Mähdrescher, Hilfeleistungslöschfahrzeug und Rettungswagen
ausgerichtet vom Landratsamt Ludwigsburg am Samstag, dem 9.9.2023, auf dem Haldenhof in Hemmingen. Die einmal im Jahr angebotene Ausbildungsveranstaltung ist im württembergischen Landesteil einzigartig, lediglich in Südbaden gibt es eine ähnliche Schulung. Drei Eigenschaften bilden beim VU4-Lehrgang, wobei VU für Verkehrsunfall steht, die Alleinstellungsmerkmale:
- Es werden lediglich simulierte (Verkehrs-)Unfälle mit landwirtschaftlichen Nutzgeräten unterschiedlichster Art abgearbeitet.

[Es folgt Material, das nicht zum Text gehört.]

lemma abs_energy_rate_rhs_le:
  assumes x: "x \<ge> 1"
  shows "\<bar>energy_rate N A B x p q (rhs_pos N A B x p q) (rhs_neg N A B x p q)\<bar>
           \<le> rate_const N A B * x ^ N * ((cmod p)\<^sup>2 + (cmod q)\<^sup>2)"
proof -
  define a where "a = 2 + (\<Sum>j\<in>{1..<N}. cmod (alpha A B j))"
  define c where "c = rhs_const N A B"
  define S where "S = cmod p + cmod q"
  have a: "a \<ge> 0"
    unfolding a_def by (simp add: sum_nonneg)
  have c: "c \<ge> 1"
    unfolding c_def by (rule rhs_const_ge_1)
  have rhs: "cmod (rhs_pos N A B x p q) + cmod (rhs_neg N A B x p q) \<le> 2 * c * x ^ N * S"
    using add_mono[OF norm_rhs_pos_le[OF x, of N A B p q] norm_rhs_neg_le[OF x, of N A B p q]]
    unfolding c_def S_def by (simp add: mult_ac)
  have SS: "S * S \<le> 2 * ((cmod p)\<^sup>2 + (cmod q)\<^sup>2)"
    using sum_squares_bound[of "cmod p" "cmod q"] unfolding S_def by (simp add: power2_eq_square algebra_simps)
  have "\<bar>energy_rate N A B x p q (rhs_pos N A B x p q) (rhs_neg N A B x p q)\<bar>
      \<le> a * (cmod (rhs_pos N A B x p q) + cmod (rhs_neg N A B x p q)) * S"
    unfolding a_def S_def by (rule abs_energy_rate_le[OF x])
  also have "\<dots> \<le> a * (2 * c * x ^ N * S) * S"
    using rhs a unfolding S_def by (intro mult_right_mono mult_left_mono) auto
  also have "\<dots> = 2 * a * c * x ^ N * (S * S)"
    by (simp add: algebra_simps)
  also have "\<dots> \<le> 2 * a * c * x ^ N * (2 * ((cmod p)\<^sup>2 + (cmod q)\<^sup>2))"
    using SS a c x by (intro mult_left_mono) auto
  also have "\<dots> = rate_const N A B * x ^ N * ((cmod p)\<^sup>2 + (cmod q)\<^sup>2)"
    unfolding rate_const_def a_def c_def by (simp add: algebra_simps)
  finally show ?thesis .
qed

section \<open>Differentiation under the integral sign\<close>

lemma abs_difference_quotient_le:
  fixes f f' :: "real \<Rightarrow> real"
  assumes der: "\<And>z. z \<in> ball t d \<Longrightarrow> (f has_real_derivative f' z) (at z)"
    and bound: "\<And>z. z \<in> ball t d \<Longrightarrow> \<bar>f' z\<bar> \<le> B"
    and s: "s \<in> ball t d" "s \<noteq> t"
  shows "\<bar>(f s - f t) / (s - t)\<bar> \<le> B"
proof -
  have t: "t \<in> ball t d"
    using s(1) zero_le_dist[of t s] unfolding mem_ball dist_self by linarith
  have "norm (f s - f t) \<le> B * norm (s - t)"
  proof (rule field_differentiable_bound[where S = "ball t d"])
    show "(f has_field_derivative f' z) (at z within ball t d)" if "z \<in> ball t d" for z
      using that by (intro has_field_derivative_at_within[OF der])
    show "norm (f' z) \<le> B" if "z \<in> ball t d" for z
      using that bound by simp
  qed (use s t in auto)
  then show ?thesis
    using s by (simp add: abs_divide divide_le_eq)
qed
lemma null_sets_radial_limit_zero:
  fixes g :: "complex \<Rightarrow> complex"
  assumes hol: "g holomorphic_on ball 0 1" and bd: "\<And>z. z \<in> ball 0 1 \<Longrightarrow> norm (g z) \<le> M"
    and nz: "\<exists>z\<in>ball 0 1. g z \<noteq> 0"
  shows "{t \<in> {0..2*pi}. ((\<lambda>r::real. g (of_real r * cis t)) \<longlongrightarrow> 0) (at_left 1)} \<in> null_sets lebesgue"
proof -
  obtain \<rho> where \<rho>: "filterlim \<rho> (at_left 1) sequentially" "\<And>n. 1/2 \<le> \<rho> n" "\<And>n. \<rho> n < 1"
      "\<And>n. \<forall>z\<in>sphere 0 (\<rho> n). g z \<noteq> 0"
    using zero_free_circles_tending_to_one[OF hol nz] by blast
  obtain C where C: "\<And>n. \<exists>I. ((\<lambda>t. ln (norm (g (of_real (\<rho> n) * cis t)))) has_integral I) {0..2*pi} \<and> C \<le> I"
    using log_norm_circle_integral_uniform_lower_bound[OF hol nz] \<rho>(2-4) by metis
  have circle: "of_real (\<rho> n) * cis t \<in> ball 0 1 \<inter> sphere 0 (\<rho> n)" for n t
    using \<rho>(2,3)[of n] by (simp add: norm_mult)
  hence g_circle: "g (of_real (\<rho> n) * cis t) \<noteq> 0" "norm (g (of_real (\<rho> n) * cis t)) \<le> M" for n t
    using \<rho>(4) bd by blast+
  define G where "G n t = ln M - ln (norm (g (of_real (\<rho> n) * cis t)))" for n t
  have "continuous_on UNIV (\<lambda>t. g (of_real (\<rho> n) * cis t))" for n
    using circle by (intro continuous_on_compose2[OF holomorphic_on_imp_continuous_on[OF hol]])
      (auto intro!: continuous_intros simp del: Int_iff)
  hence "continuous_on UNIV (G n)" for n
    unfolding G_def[abs_def] using g_circle by (intro continuous_intros) auto
  moreover have "0 \<le> G n t" for n t
    using g_circle[of n t] by (simp add: G_def ln_mono)
  moreover have "\<exists>J. (G n has_integral J) {0..2*pi} \<and> J \<le> 2*pi * ln M - C" for n
  proof -
    obtain I where I: "((\<lambda>t. ln (norm (g (of_real (\<rho> n) * cis t)))) has_integral I) {0..2*pi}" "C \<le> I"
      using C by blast
    have "(G n has_integral 2*pi * ln M - I) {0..2*pi}"
      unfolding G_def using has_integral_diff[OF has_integral_const_real[of "ln M" 0 "2*pi"] I(1)]
      by simp
    thus ?thesis using I(2) by force
  qed
  ultimately have null: "{t \<in> {0..2*pi}. filterlim (\<lambda>n. G n t) at_top sequentially} \<in> null_sets lebesgue"
    by (intro null_sets_tendsto_at_top_if_integrals_bounded) (auto simp: borel_measurable_continuous_onI)
  have "filterlim (\<lambda>n. G n t) at_top sequentially"
    if lim: "((\<lambda>r::real. g (of_real r * cis t)) \<longlongrightarrow> 0) (at_left 1)" for t
  proof -
    have "((\<lambda>n. g (of_real (\<rho> n) * cis t)) \<longlongrightarrow> 0) sequentially"
      using filterlim_compose[OF lim \<rho>(1)] by (simp add: o_def)
    hence "filterlim (\<lambda>n. norm (g (of_real (\<rho> n) * cis t))) (at_right 0) sequentially"
      using g_circle by (intro tendsto_imp_filterlim_at_right tendsto_norm_zero) (auto intro: always_eventually)
    hence "filterlim (\<lambda>n. - ln (norm (g (of_real (\<rho> n) * cis t)))) at_top sequentially"
      by (rule filterlim_compose[OF filterlim_uminus_at_top_at_bot filterlim_compose[OF ln_at_0]])
    thus ?thesis
      unfolding G_def using filterlim_tendsto_add_at_top[OF tendsto_const] by fastforce
  qed
  hence "{t \<in> {0..2*pi}. ((\<lambda>r::real. g (of_real r * cis t)) \<longlongrightarrow> 0) (at_left 1)}
      \<subseteq> {t \<in> {0..2*pi}. filterlim (\<lambda>n. G n t) at_top sequentially}" by blast
  with null show ?thesis by (rule null_sets_completion_subset[rotated])
qed

lemma Re_ell_pos:
  fixes x :: complex
  assumes "norm x < 1"
  shows "Re (ell x) > 0"
proof -
  have "(Re x)^2 + (Im x)^2 < 1" using assms by (simp add: cmod_power2 power_less_one_iff flip: cmod_power2)
  moreover have "Re x < 1" using assms complex_Re_le_cmod[of x] by linarith
  hence "(Re (1 - x))^2 + (Im (1 - x))^2 > 0" by (simp add: add_pos_nonneg)
  ultimately show ?thesis
    unfolding ell_def Re_divide by (intro divide_pos_pos) (auto simp: power2_eq_square algebra_simps)
qed

lemma class_P_ell_rotation:
  fixes c :: complex
  assumes "norm c = 1"
  shows "class_P (\<lambda>w. ell (c * w))"
  unfolding class_P_def
proof (intro conjI ballI)
  have cw: "norm (c * w) < 1" "c * w \<noteq> 1" if "w \<in> ball 0 1" for w
  proof -
    show "norm (c * w) < 1" using that assms by (simp add: norm_mult)
    then show "c * w \<noteq> 1" by auto
  qed
  show "(\<lambda>w. ell (c * w)) holomorphic_on ball 0 1"
    unfolding ell_def using cw(2) by (intro holomorphic_intros) auto
  show "Re (ell (c * w)) > 0" if "w \<in> ball 0 1" for w
    using Re_ell_pos cw(1) that by blast
qed (simp add: ell_def)

lemma Re_mult_ell_imaginary:
  fixes s :: real
  shows "Re (w * ell (\<i> * of_real s)) = ((1 - s^2) * Re w - 2 * s * Im w) / (1 + s^2)"
proof -
  have "1 + \<i> * of_real s \<noteq> 0" by (simp add: complex_eq_iff)
  hence "ell (\<i> * of_real s) = ((1 + \<i> * of_real s) * (1 + \<i> * of_real s))
                              / ((1 - \<i> * of_real s) * (1 + \<i> * of_real s))"
    unfolding ell_def by (rule mult_divide_mult_cancel_right[symmetric])
  also have "(1 + \<i> * of_real s) * (1 + \<i> * of_real s) = of_real (1 - s^2) + \<i> * of_real (2 * s)"
    by (simp add: complex_eq_iff power2_eq_square)
  also have "(1 - \<i> * of_real s) * (1 + \<i> * of_real s) = of_real (1 + s^2)"
    by (simp add: complex_eq_iff power2_eq_square)
  finally show ?thesis
    by (simp only: times_divide_eq_right Re_divide_of_real) (simp add: algebra_simps)
qed

lemma T_op_class_P_imp_Im_bound:
  fixes F \<phi> :: "complex \<Rightarrow> complex"
  assumes P: "class_P F" and T: "\<forall>f. class_P f \<longrightarrow> class_P (T_op F \<phi> f)" and z: "z \<in> ball 0 1"
  shows "2 * norm (\<phi> z) * \<bar>Im (F z)\<bar> \<le> Re (F z)"
proof (cases "\<phi> z = 0")
  case True
  then show ?thesis using P z unfolding class_P_def by (simp add: less_imp_le)
next
  case False
  \<comment> \<open>test the hypothesis on the rotation of \<open>ell\<close> that turns \<open>\<phi> z\<close> into \<open>\<plusminus>\<i> \<bar>\<phi> z\<bar>\<close>, the sign matching that of \<open>Im (F z)\<close>\<close>
  define s :: real where "s = (if Im (F z) \<ge> 0 then 1 else -1) * norm (\<phi> z)"
  define c where "c = \<i> * of_real s / \<phi> z"
  have "norm c = 1" using False by (simp add: c_def s_def norm_mult norm_divide)
  hence "class_P (T_op F \<phi> (\<lambda>w. ell (c * w)))" using T class_P_ell_rotation by blast
  moreover have "c * \<phi> z = \<i> * of_real s" using False by (simp add: c_def)
  ultimately have "Re (F z * ell (\<i> * of_real s)) > 0"
    using z unfolding class_P_def T_op_def by metis
  hence "((1 - s^2) * Re (F z) - 2 * s * Im (F z)) / (1 + s^2) > 0"
    by (simp only: Re_mult_ell_imaginary)
  moreover have "1 + s^2 > 0" by (simp add: add_pos_nonneg)
  ultimately have "(1 - s^2) * Re (F z) - 2 * s * Im (F z) > 0"
    by (simp add: zero_less_divide_iff)
  moreover have "s^2 = (norm (\<phi> z))^2" "s * Im (F z) = norm (\<phi> z) * \<bar>Im (F z)\<bar>"
    by (auto simp: s_def power2_eq_square)
  moreover have "0 \<le> (norm (\<phi> z))^2 * Re (F z)"
    using P z unfolding class_P_def by (simp add: less_imp_le)
  ultimately show ?thesis by (simp add: algebra_simps)
qed

lemma ell_inverse:
  fixes x :: complex
  assumes "x \<noteq> 1"
  shows "x = (ell x - 1) / (ell x + 1)"
  using assms by (simp add: ell_def field_simps)

lemma radial_limit_Re_zero_cases:
  fixes \<phi> \<omega> :: "complex \<Rightarrow> complex"
  assumes \<omega>: "schwarz_type \<omega>" and P: "class_P (ell \<circ> \<omega>)"
    and T: "\<forall>f. class_P f \<longrightarrow> class_P (T_op (ell \<circ> \<omega>) \<phi> f)"
    and lim: "radial_limit (ell \<circ> \<omega>) \<zeta> L" and ReL: "Re L = 0" and \<zeta>: "norm \<zeta> = 1"
  shows "((\<lambda>r::real. \<omega> (of_real r * \<zeta>) + 1) \<longlongrightarrow> 0) (at_left 1)
         \<or> ((\<lambda>r::real. \<phi> (of_real r * \<zeta>)) \<longlongrightarrow> 0) (at_left 1)"
proof -
  define F where "F r = ell (\<omega> (of_real r * \<zeta>))" for r :: real
  have F_lim: "(F \<longlongrightarrow> L) (at_left 1)"
    using lim unfolding radial_limit_def F_def[abs_def] by (simp add: o_def)
  have inside: "\<forall>\<^sub>F r in at_left 1. of_real r * \<zeta> \<in> ball 0 1"
    using eventually_at_left_real[of 0 "1::real"] by (rule eventually_mono) (auto simp: norm_mult \<zeta>)
  show ?thesis
  proof (cases "L = 0")
    case True
    have "((\<lambda>r. (F r - 1) / (F r + 1) + 1) \<longlongrightarrow> (L - 1) / (L + 1) + 1) (at_left 1)"
      using True by (intro tendsto_intros F_lim) auto
    moreover have "\<forall>\<^sub>F r in at_left 1. (F r - 1) / (F r + 1) + 1 = \<omega> (of_real r * \<zeta>) + 1"
      using inside
    proof eventually_elim
      case (elim r)
      hence "\<omega> (of_real r * \<zeta>) \<noteq> 1" using \<omega> unfolding schwarz_type_def by fastforce
      then show ?case unfolding F_def by (metis ell_inverse)
    qed
    ultimately have "((\<lambda>r::real. \<omega> (of_real r * \<zeta>) + 1) \<longlongrightarrow> 0) (at_left 1)"
      using True by (simp add: tendsto_cong)
    then show ?thesis ..
  next
    case False
    with ReL have ImL: "Im L \<noteq> 0" by (simp add: complex_eq_iff)
    have "\<forall>\<^sub>F r in at_left 1. Im (F r) \<noteq> 0"
      using tendsto_imp_eventually_ne[OF tendsto_Im[OF F_lim] ImL] .
    with inside have "\<forall>\<^sub>F r in at_left 1. norm (\<phi> (of_real r * \<zeta>)) \<le> Re (F r) / (2 * \<bar>Im (F r)\<bar>)"
    proof eventually_elim
      case (elim r)
      from T_op_class_P_imp_Im_bound[OF P T elim(1)] elim(2) show ?case
        by (simp add: F_def pos_le_divide_eq mult_ac)
    qed
    moreover have "((\<lambda>r. Re (F r) / (2 * \<bar>Im (F r)\<bar>)) \<longlongrightarrow> Re L / (2 * \<bar>Im L\<bar>)) (at_left 1)"
      using ImL by (intro tendsto_intros F_lim) auto
    ultimately have "((\<lambda>r::real. \<phi> (of_real r * \<zeta>)) \<longlongrightarrow> 0) (at_left 1)"
      using ReL Lim_null_comparison by fastforce
    then show ?thesis ..
  qed
qed

theorem proposition3p3:
  fixes \<phi> \<omega> :: "complex \<Rightarrow> complex"
  assumes "schwarz_type \<phi>" and "schwarz_type \<omega>"
    and "\<exists>z\<in>ball 0 1. \<phi> z \<noteq> 0"
    and "class_P (ell \<circ> \<omega>)"
    and "\<forall>f. class_P f \<longrightarrow> class_P (T_op (ell \<circ> \<omega>) \<phi> f)"
  shows "{t \<in> {0..2*pi}. \<exists>L. radial_limit (ell \<circ> \<omega>) (cis t) L \<and> Re L = 0} \<in> null_sets lebesgue"
proof -
  have \<phi>: "\<phi> holomorphic_on ball 0 1" "\<And>z. z \<in> ball 0 1 \<Longrightarrow> norm (\<phi> z) \<le> 1"
    and \<omega>: "\<omega> holomorphic_on ball 0 1" "\<And>z. z \<in> ball 0 1 \<Longrightarrow> norm (\<omega> z + 1) \<le> 2" "\<omega> 0 + 1 \<noteq> 0"
    using assms(1,2) unfolding schwarz_type_def
    by (auto simp: image_subset_iff less_imp_le intro: norm_triangle_le)
  let ?E\<omega> = "{t \<in> {0..2*pi}. ((\<lambda>r::real. \<omega> (of_real r * cis t) + 1) \<longlongrightarrow> 0) (at_left 1)}"
  let ?E\<phi> = "{t \<in> {0..2*pi}. ((\<lambda>r::real. \<phi> (of_real r * cis t)) \<longlongrightarrow> 0) (at_left 1)}"
  have "?E\<omega> \<in> null_sets lebesgue"
    using \<omega> by (intro null_sets_radial_limit_zero[of _ 2]) (auto intro!: holomorphic_intros)
  moreover have "?E\<phi> \<in> null_sets lebesgue"
    using \<phi> assms(3) by (intro null_sets_radial_limit_zero[of _ 1])
  ultimately have "?E\<omega> \<union> ?E\<phi> \<in> null_sets lebesgue" by (rule null_sets.Un)
  moreover have "{t \<in> {0..2*pi}. \<exists>L. radial_limit (ell \<circ> \<omega>) (cis t) L \<and> Re L = 0} \<subseteq> ?E\<omega> \<union> ?E\<phi>"
    using radial_limit_Re_zero_cases[OF assms(2,4,5) _ _ norm_cis] by blast
  ultimately show ?thesis using null_sets_completion_subset by blast
qed

end
(* Let $n>1$ and $m$ be positive integers, and let $\mathbf{u}\in\mathbb{R}^n$ be a fixed vector. Let $\mathbf{R}\in\mathbb{R}^{m\times n}$ be a random matrix such that either (i) its rows $\mathbf{R}_i$ are i.i.d. samples from an isotropic distribution $P$ on $\mathbb{R}^n$, or (ii) $\hat{\mathbf{R}}$ is a randomly generated matrix with orthogonal rows (uniformly over all rotations). Let $\mathbf{v}=\mathrm{ReLU}\left(\sqrt{2n/m}\cdot\hat{\mathbf{R}}\mathbf{u}\right)$. Then $\mathbb{E}[\lVert\mathbf{v}\rVert^2]=K_n\cdot\lVert\mathbf{u}\rVert^2$, where \[ K_n=\begin{cases}\frac{2S_{n-1}}{S_n}\cdot\left(\frac{2}{3}\cdot\frac{4}{5}\cdots\frac{n-2}{n-1}\right) & \text{if } n \text{ is even},\\[4pt] \frac{2S_{n-1}}{S_n}\cdot\left(\frac{1}{2}\cdot\frac{3}{4}\cdots\frac{n-2}{n-1}\right)\cdot\frac{\pi}{2} & \text{otherwise},\end{cases} \] and $S_n$ denotes the surface area of a unit $n$-dimensional sphere (empty products are equal to $1$).
   Context: For a matrix $\mathbf{R}$ with nonzero rows $\mathbf{R}_i$, $\hat{\mathbf{R}}$ denotes the matrix whose $i$-th row is $\hat{\mathbf{R}}_i=\mathbf{R}_i/\lVert\mathbf{R}_i\rVert_2$ (each row normalized to unit Euclidean norm). A distribution $P$ on $\mathbb{R}^n$ is isotropic if it is invariant under all orthogonal transformations of $\mathbb{R}^n$ (all directions equally likely), with no mass at the origin. In case (ii), "randomly generated with orthogonal rows" means $\hat{\mathbf{R}}$ has orthonormal rows (so $m\le n$) and its distribution is uniform over all rotations (Haar-distributed). $\mathrm{ReLU}$ is applied coordinatewise, $\mathrm{ReLU}(x)=\max(0,x)$. *)

theory Defs
  imports "HOL-Probability.Probability"
begin
lemma psd_quadratic_form_le_diag_sum:
  fixes A :: "real^'n^'n"
  assumes sym: "transpose A = A" and psd: "\<forall>v. v \<bullet> (A *v v) \<ge> 0"
    and supp: "\<And>k. k \<notin> J \<Longrightarrow> u $ k = 0"
  shows "u \<bullet> (A *v u) \<le> (u \<bullet> u) * (\<Sum>k\<in>J. A$k$k)"
proof -
  define w where "w k = (if k \<in> J then A$k$k else 0)" for k
  have w_nonneg: "w k \<ge> 0" for k
    using psd_diag_nonneg[OF psd] by (simp add: w_def)
  have entry: "2 * (u$i * A$i$j * u$j) \<le> (u$i)\<^sup>2 * w j + w i * (u$j)\<^sup>2" for i j
  proof (cases "i \<in> J \<and> j \<in> J")
    case True
    then show ?thesis
      using psd_entry_bound[OF sym psd, of "u$i" "u$j" i j] by (simp add: w_def algebra_simps)
  next
    case False
    then have "u$i * A$i$j * u$j = 0" using supp by auto
    moreover have "0 \<le> (u$i)\<^sup>2 * w j + w i * (u$j)\<^sup>2"
      using w_nonneg by (intro add_nonneg_nonneg mult_nonneg_nonneg) auto
    ultimately show ?thesis by linarith
  qed
  have "2 * (u \<bullet> (A *v u)) = (\<Sum>i\<in>UNIV. \<Sum>j\<in>UNIV. 2 * (u$i * A$i$j * u$j))"
    by (simp add: inner_vec_def matrix_vector_mult_def sum_distrib_left mult.assoc)
  also have "\<dots> \<le> (\<Sum>i\<in>UNIV. \<Sum>j\<in>UNIV. (u$i)\<^sup>2 * w j + w i * (u$j)\<^sup>2)"
    by (intro sum_mono entry)
  also have "\<dots> = (\<Sum>k\<in>UNIV. (u$k)\<^sup>2) * (\<Sum>k\<in>UNIV. w k) + (\<Sum>k\<in>UNIV. w k) * (\<Sum>k\<in>UNIV. (u$k)\<^sup>2)"
    by (simp add: sum.distrib sum_product)
  also have "\<dots> = 2 * ((\<Sum>k\<in>UNIV. (u$k)\<^sup>2) * (\<Sum>k\<in>UNIV. w k))"
    by simp
  also have "(\<Sum>k\<in>UNIV. w k) = (\<Sum>k\<in>J. A$k$k)"
    unfolding w_def by (simp add: sum.If_cases)
  finally show ?thesis
    by (simp add: inner_vec_def power2_eq_square)
qed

- Die Einsatzübungen werden interdisziplinär sowohl von Feuerwehrkräften als auch Angehörigen des Regelrettungsdienstes gemeinsam durchgeführt, analog zu Realereignissen.
- Die Übungsszenarien werden nicht von einem Ausbilder abgearbeitet bzw. angeleitet, stattdessen erarbeiten die Teilnehmer nach dem Prinzip „learning-by-doing“ selbstständig Lösungsmöglichkeiten. Die jeweiligen Stationsausbilder hielten sich im Hintergrund und griffen nur ein, wenn es nötig wurde. Wie bei „echten“ Einsätzen, bildeten eine Löschgruppe mit Gruppenführer und die Besatzung eines Rettungswagens die ersteintreffenden Komponenten.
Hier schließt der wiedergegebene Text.